The input ▸
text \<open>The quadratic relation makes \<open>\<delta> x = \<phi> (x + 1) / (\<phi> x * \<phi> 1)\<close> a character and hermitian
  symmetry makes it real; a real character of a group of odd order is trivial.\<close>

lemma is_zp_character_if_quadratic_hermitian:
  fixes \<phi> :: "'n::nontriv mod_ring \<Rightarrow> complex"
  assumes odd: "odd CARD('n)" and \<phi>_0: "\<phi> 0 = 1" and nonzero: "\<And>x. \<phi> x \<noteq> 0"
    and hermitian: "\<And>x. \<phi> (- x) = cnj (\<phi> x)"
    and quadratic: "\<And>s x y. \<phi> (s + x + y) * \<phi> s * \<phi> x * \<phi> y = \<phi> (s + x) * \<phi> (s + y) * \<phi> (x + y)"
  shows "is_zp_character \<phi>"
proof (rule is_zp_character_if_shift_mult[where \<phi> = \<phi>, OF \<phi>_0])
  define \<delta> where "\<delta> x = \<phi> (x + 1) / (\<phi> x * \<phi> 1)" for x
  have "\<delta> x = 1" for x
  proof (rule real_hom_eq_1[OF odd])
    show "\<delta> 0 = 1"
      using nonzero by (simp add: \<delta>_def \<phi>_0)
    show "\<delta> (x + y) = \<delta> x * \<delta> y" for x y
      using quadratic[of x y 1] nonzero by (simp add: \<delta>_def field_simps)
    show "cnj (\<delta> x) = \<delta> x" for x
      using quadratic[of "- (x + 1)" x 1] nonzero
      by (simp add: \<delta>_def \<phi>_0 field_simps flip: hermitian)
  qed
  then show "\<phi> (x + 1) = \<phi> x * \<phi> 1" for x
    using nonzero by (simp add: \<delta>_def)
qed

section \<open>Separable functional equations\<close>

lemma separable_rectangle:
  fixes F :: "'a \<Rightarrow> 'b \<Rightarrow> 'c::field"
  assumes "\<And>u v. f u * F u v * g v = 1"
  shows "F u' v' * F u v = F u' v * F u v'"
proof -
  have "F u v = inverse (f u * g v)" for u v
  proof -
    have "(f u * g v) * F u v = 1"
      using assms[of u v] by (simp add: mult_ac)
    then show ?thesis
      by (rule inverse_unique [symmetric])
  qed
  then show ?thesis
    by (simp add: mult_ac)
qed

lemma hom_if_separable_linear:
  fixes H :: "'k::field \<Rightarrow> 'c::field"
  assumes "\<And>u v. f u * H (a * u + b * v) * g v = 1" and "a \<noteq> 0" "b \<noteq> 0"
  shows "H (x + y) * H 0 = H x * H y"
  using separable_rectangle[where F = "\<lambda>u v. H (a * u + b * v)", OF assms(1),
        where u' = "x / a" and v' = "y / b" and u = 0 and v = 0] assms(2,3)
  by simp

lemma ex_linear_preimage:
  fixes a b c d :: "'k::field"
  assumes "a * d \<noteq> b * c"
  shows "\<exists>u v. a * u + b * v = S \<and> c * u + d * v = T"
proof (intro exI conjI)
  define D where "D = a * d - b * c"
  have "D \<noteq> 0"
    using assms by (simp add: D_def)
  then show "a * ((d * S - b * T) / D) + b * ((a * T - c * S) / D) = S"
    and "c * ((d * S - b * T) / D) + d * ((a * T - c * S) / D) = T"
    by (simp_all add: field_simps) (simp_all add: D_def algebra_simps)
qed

Task objective ▸
The listing above must be written out again in its entirety, exactly as given.

Exercise response ▸
text \<open>The quadratic relation makes \<open>\<delta> x = \<phi> (x + 1) / (\<phi> x * \<phi> 1)\<close> a character and hermitian
  symmetry makes it real; a real character of a group of odd order is trivial.\<close>

lemma is_zp_character_if_quadratic_hermitian:
  fixes \<phi> :: "'n::nontriv mod_ring \<Rightarrow> complex"
  assumes odd: "odd CARD('n)" and \<phi>_0: "\<phi> 0 = 1" and nonzero: "\<And>x. \<phi> x \<noteq> 0"
    and hermitian: "\<And>x. \<phi> (- x) = cnj (\<phi> x)"
    and quadratic: "\<And>s x y. \<phi> (s + x + y) * \<phi> s * \<phi> x * \<phi> y = \<phi> (s + x) * \<phi> (s + y) * \<phi> (x + y)"
  shows "is_zp_character \<phi>"
proof (rule is_zp_character_if_shift_mult[where \<phi> = \<phi>, OF \<phi>_0])
  define \<delta> where "\<delta> x = \<phi> (x + 1) / (\<phi> x * \<phi> 1)" for x
  have "\<delta> x = 1" for x
  proof (rule real_hom_eq_1[OF odd])
    show "\<delta> 0 = 1"
      using nonzero by (simp add: \<delta>_def \<phi>_0)
    show "\<delta> (x + y) = \<delta> x * \<delta> y" for x y
      using quadratic[of x y 1] nonzero by (simp add: \<delta>_def field_simps)
    show "cnj (\<delta> x) = \<delta> x" for x
      using quadratic[of "- (x + 1)" x 1] nonzero
      by (simp add: \<delta>_def \<phi>_0 field_simps flip: hermitian)
  qed
  then show "\<phi> (x + 1) = \<phi> x * \<phi> 1" for x
    using nonzero by (simp add: \<delta>_def)
qed

section \<open>Separable functional equations\<close>

lemma separable_rectangle:
  fixes F :: "'a \<Rightarrow> 'b \<Rightarrow> 'c::field"
  assumes "\<And>u v. f u * F u v * g v = 1"
  shows "F u' v' * F u v = F u' v * F u v'"
proof -
  have "F u v = inverse (f u * g v)" for u v
  proof -
    have "(f u * g v) * F u v = 1"
      using assms[of u v] by (simp add: mult_ac)
    then show ?thesis
      by (rule inverse_unique [symmetric])
  qed
  then show ?thesis
    by (simp add: mult_ac)
qed

lemma hom_if_separable_linear:
  fixes H :: "'k::field \<Rightarrow> 'c::field"
  assumes "\<And>u v. f u * H (a * u + b * v) * g v = 1" and "a \<noteq> 0" "b \<noteq> 0"
  shows "H (x + y) * H 0 = H x * H y"
  using separable_rectangle[where F = "\<lambda>u v. H (a * u + b * v)", OF assms(1),
        where u' = "x / a" and v' = "y / b" and u = 0 and v = 0] assms(2,3)
  by simp

lemma ex_linear_preimage:
  fixes a b c d :: "'k::field"
  assumes "a * d \<noteq> b * c"
  shows "\<exists>u v. a * u + b * v = S \<and> c * u + d * v = T"
proof (intro exI conjI)
  define D where "D = a * d - b * c"
  have "D \<noteq> 0"
    using assms by (simp add: D_def)
  then show "a * ((d * S - b * T) / D) + b * ((a * T - c * S) / D) = S"
    and "c * ((d * S - b * T) / D) + d * ((a * T - c * S) / D) = T"
    by (simp_all add: field_simps) (simp_all add: D_def algebra_simps)
qed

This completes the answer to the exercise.